Googlebot outpaces other AI-oriented crawlers — such as OpenAI’s GPTBot, the next most active AI crawler, and Microsoft’s Bingbot — by a wide margin. AI “user action” crawling bots, such as Perplexity’s user agent, which fetch pages in response to chatbot prompts or agent workflows, grew more than 15-fold over the year.
At the same time, AI has blurred the line between search traffic and chatbot usage. For example, these days I’m much more likely to use Perplexity for search instead of Google. Cloudflare’s new AI bot protection for websites helps manage them and defend against overly aggressive AI bots that constantly scrape their sites.
How we accessed the web in 2025
How we get to the internet keeps tilting in favor of smartphones. Today, 43% of us use smartphones to access the internet, with only 57% still using PCs. Digging deeper, while Apple iOS devices dominate in the US, iOS accounted for about 35% of global mobile traffic worldwide.
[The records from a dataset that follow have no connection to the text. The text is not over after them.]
(* Let $M\in\mathbb{R}^{p\times q}$ have rank $k\ge1$. Then there exist $A\in\mathbb{R}^{k\times p}$ and $B\in\mathbb{R}^{k\times q}$ with $M=A^TB$ such that every column of $A$ and every column of $B$ has Euclidean norm at most $k^{1/4}\sqrt{\|M\|_\infty}$.
   Context: $\|M\|_\infty$ denotes the maximum absolute value of an entry of $M$. *)

theory Defs
  imports "HOL-Analysis.Analysis"
begin

definition max_entry_norm :: "real^'q^'p \<Rightarrow> real" where
  "max_entry_norm M = Max (range (\<lambda>(i,j). \<bar>M $ i $ j\<bar>))"

end

theory Submission
  imports Defs
begin

text \<open>
  Idea: start from any factorization \<open>M i j = c i \<bullet> d j\<close> through \<open>\<real>^k\<close>; the \<open>c i\<close> span
  \<open>\<real>^k\<close>.  Apply the linear map \<open>T\<close> of maximal \<open>|det T|\<close> among those sending every \<open>c i\<close>
  into the unit ball (it exists by compactness), and compensate on the right by the inverse transpose of \<open>T\<close>.
  The new left vectors \<open>a i = T c i\<close> are in "minimal ellipsoid position" (John's
  position): by maximality of the determinant, for every unit vector \<open>u\<close> some \<open>a i\<close> has
  \<open>(a i \<bullet> u)\<^sup>2 \<ge> 1/k\<close>, since otherwise a small stretch in direction \<open>u\<close> would increase the
  volume.  Applied to \<open>u = b j / norm (b j)\<close> this gives \<open>norm (b j) \<le> sqrt k * \<parallel>M\<parallel>\<^sub>\<infinity>\<close>
  while \<open>norm (a i) \<le> 1\<close>; rescaling both sides balances the bounds.
\<close>

definition diag_mat :: "('n::finite \<Rightarrow> real) \<Rightarrow> real^'n^'n" where
  "diag_mat d = (\<chi> r s. if r = s then d r else 0)"

lemma diag_mat_mult_vec: "diag_mat d *v x = (\<chi> r. d r * x $ r)"
proof -
  have "\<And>r s. (if r = s then d r else 0) * x $ s = (if r = s then d r * x $ r else 0)" by simp
  then show ?thesis by (simp add: diag_mat_def matrix_vector_mult_def vec_eq_iff)
qed

lemma det_diag_mat: "det (diag_mat d) = prod d UNIV"
  unfolding diag_mat_def by (subst det_diagonal) auto

lemma norm_sq_eq_sum: "(norm (x :: real^'n))^2 = (\<Sum>r\<in>UNIV. (x $ r)^2)"
  by (simp add: norm_vec_def L2_set_def sum_nonneg)

text \<open>Elementary inequality behind the volume argument: if \<open>L > n - 1\<close>, then for some
  small \<open>e > 0\<close> the product \<open>(1 + e L) (1 - e)^(n-1)\<close> exceeds 1.  The witness is
  \<open>e = (L - (n - 1)) / (2 n L)\<close>, and Bernoulli's inequality bounds the second factor.\<close>

lemma stretch_gain:
  fixes n :: nat and L :: real
  assumes n: "n \<ge> 1" and L: "L > real n - 1"
  shows "\<exists>e. 0 < e \<and> e \<le> 1/2 \<and> (1 + e * L) * (1 - e) ^ (n - 1) > 1"
proof -
  define D where "D = L - (real n - 1)"
  have D: "D > 0" and DL: "D \<le> L" using n L by (auto simp: D_def)
  define e where "e = D / (2 * n * L)"
  have e: "e > 0" using D DL n by (simp add: e_def)
  have "e \<le> L / (2 * n * L)" unfolding e_def using DL D n by (intro divide_right_mono) auto
  also have "\<dots> \<le> 1/2" using D DL n by (simp add: field_simps)
  finally have e_half: "e \<le> 1/2" .
  have "1 + real (n - 1) * (-e) \<le> (1 + (-e)) ^ (n - 1)"
    using e_half by (intro Bernoulli_inequality) simp
  hence bern: "1 - (real n - 1) * e \<le> (1 - e) ^ (n - 1)" using n by simp
  have "(1 + e * L) * (1 - (real n - 1) * e) = 1 + e * D - e * ((real n - 1) * D / (2 * n))"
    using D DL n by (simp add: D_def e_def field_simps)
  moreover have "e * ((real n - 1) * D / (2 * n)) \<le> e * (D / 2)"
    using D e n by (intro mult_left_mono) (auto simp: field_simps)
  ultimately have "(1 + e * L) * (1 - (real n - 1) * e) > 1" using mult_pos_pos[OF e D] by linarith
  also have "(1 + e * L) * (1 - (real n - 1) * e) \<le> (1 + e * L) * (1 - e) ^ (n - 1)"
    using bern e D DL by (intro mult_left_mono) auto
  finally show ?thesis using e e_half by blast
qed

lemma stretch_along_axis:
  fixes x :: "real^'n::finite" and k0 :: 'n
  assumes e: "0 \<le> e" "e \<le> 1" and eL: "0 \<le> 1 + e * L"
  defines "S \<equiv> diag_mat (\<lambda>r. if r = k0 then sqrt (1 + e * L) else sqrt (1 - e))"
  shows "(norm (S *v x))^2 = (1 - e) * (norm x)^2 + e * (1 + L) * (x $ k0)^2"
    and "(det S)^2 = (1 + e * L) * (1 - e) ^ (CARD('n) - 1)"
proof -
  have "(norm (S *v x))^2
      = (\<Sum>r\<in>UNIV. (1 - e) * (x $ r)^2 + (if r = k0 then e * (1 + L) * (x $ r)^2 else 0))"
    unfolding S_def diag_mat_mult_vec norm_sq_eq_sum
    using e eL by (intro sum.cong) (auto simp: power_mult_distrib algebra_simps)
  also have "\<dots> = (1 - e) * (norm x)^2 + e * (1 + L) * (x $ k0)^2"
    by (simp add: sum.distrib sum_distrib_left norm_sq_eq_sum)
  finally show "(norm (S *v x))^2 = (1 - e) * (norm x)^2 + e * (1 + L) * (x $ k0)^2" .
  have "det S = sqrt (1 + e * L) * sqrt (1 - e) ^ (CARD('n) - 1)"
    unfolding S_def det_diag_mat
    by (simp add: prod.remove[of UNIV k0] card_Diff_singleton)
  then show "(det S)^2 = (1 + e * L) * (1 - e) ^ (CARD('n) - 1)"
    using e eL by (simp add: power_mult_distrib flip: power_mult) (simp add: power_mult mult.commute)
qed

text \<open>A family of points \<open>a\<close> is in minimal ellipsoid position if it lies in the closed unit
  ball and no linear map \<open>S\<close> that keeps all points in the unit ball has \<open>|det S| > 1\<close>;
  equivalently, no centred ellipsoid of smaller volume than the unit ball contains the points.\<close>

definition min_ellipsoid_position :: "('i \<Rightarrow> real^'n::finite) \<Rightarrow> bool" where
  "min_ellipsoid_position a \<longleftrightarrow> (\<forall>i. norm (a i) \<le> 1) \<and>
     (\<forall>S::real^'n^'n. (\<forall>i. norm (S *v a i) \<le> 1) \<longrightarrow> \<bar>det S\<bar> \<le> 1)"

text \<open>Otherwise a slight stretch along that
  axis would keep all points in the ball while increasing the determinant.\<close>

lemma min_ellipsoid_position_axis:
  fixes a :: "'i::finite \<Rightarrow> real^'n::finite"
  assumes pos: "min_ellipsoid_position a"
  shows "\<exists>i. (a i $ k0)^2 \<ge> 1 / CARD('n)"
proof (rule ccontr)
  assume "\<not> ?thesis"
  hence small: "(a i $ k0)^2 < 1 / CARD('n)" for i by (meson not_le)
  define n where "n = CARD('n)"
  have n: "n \<ge> 1" unfolding n_def by (simp add: Suc_le_eq)
  define \<delta> where "\<delta> = max (Max (range (\<lambda>i. (a i $ k0)^2))) (1 / (2 * n))"
  have "Max (range (\<lambda>i. (a i $ k0)^2)) < 1 / n"
    using Max_in[of "range (\<lambda>i. (a i $ k0)^2)"] small by (auto simp: n_def)
  moreover have "0 < 1 / (2 * n)" "1 / (2 * n) < 1 / n" using n by (auto simp: field_simps)
  ultimately have \<delta>: "0 < \<delta>" "\<delta> < 1 / n" unfolding \<delta>_def by auto
  have below_\<delta>: "(a i $ k0)^2 \<le> \<delta>" for i unfolding \<delta>_def by (intro max.coboundedI1 Max_ge) auto
  define L where "L = 1 / \<delta> - 1"
  have "L > real n - 1" using \<delta> n by (simp add: L_def field_simps)
  then obtain e where e: "0 < e" "e \<le> 1/2" and gain: "(1 + e * L) * (1 - e) ^ (n - 1) > 1"
    using stretch_gain n by blast
  have eL: "0 \<le> 1 + e * L" using \<open>L > real n - 1\<close> n e by simp
  define S :: "real^'n^'n" where "S = diag_mat (\<lambda>r. if r = k0 then sqrt (1 + e * L) else sqrt (1 - e))"
  have "norm (S *v a i) \<le> 1" for i
  proof -
    have "(norm (S *v a i))^2 = (1 - e) * (norm (a i))^2 + e * (1 + L) * (a i $ k0)^2"
      unfolding S_def using e eL by (intro stretch_along_axis) auto
    also have "\<dots> \<le> (1 - e) * 1 + e * (1 + L) * \<delta>"
    proof (intro add_mono mult_left_mono)
      show "(norm (a i))^2 \<le> 1" using pos by (simp add: min_ellipsoid_position_def power_le_one)
    qed (use e \<delta> below_\<delta> eL in \<open>auto simp: L_def\<close>)
    also have "\<dots> = 1" using \<delta> by (simp add: L_def field_simps)
    finally show ?thesis by (simp add: power_le_one_iff)
  qed
  hence "\<bar>det S\<bar> \<le> 1" using pos by (simp add: min_ellipsoid_position_def)
  hence "(det S)^2 \<le> 1" by (simp add: abs_square_le_1)
  moreover have "(det S)^2 = (1 + e * L) * (1 - e) ^ (n - 1)"
    unfolding S_def n_def using e eL by (intro stretch_along_axis) auto
  ultimately show False using gain by simp
qed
Globally, Android remained the volume leader, accounting for 65%. The market share of other mobile operating systems is negligible.
As for web browsers, it’s no surprise that, according to Cloudflare’s count, Google Chrome is the most popular browser, with 67.9% of the desktop market and 85.4% of the mobile market. On the desktop, Edge, Microsoft’s Chrome-based browser, has 14.4%. FireFox? It’s down to 6.7%.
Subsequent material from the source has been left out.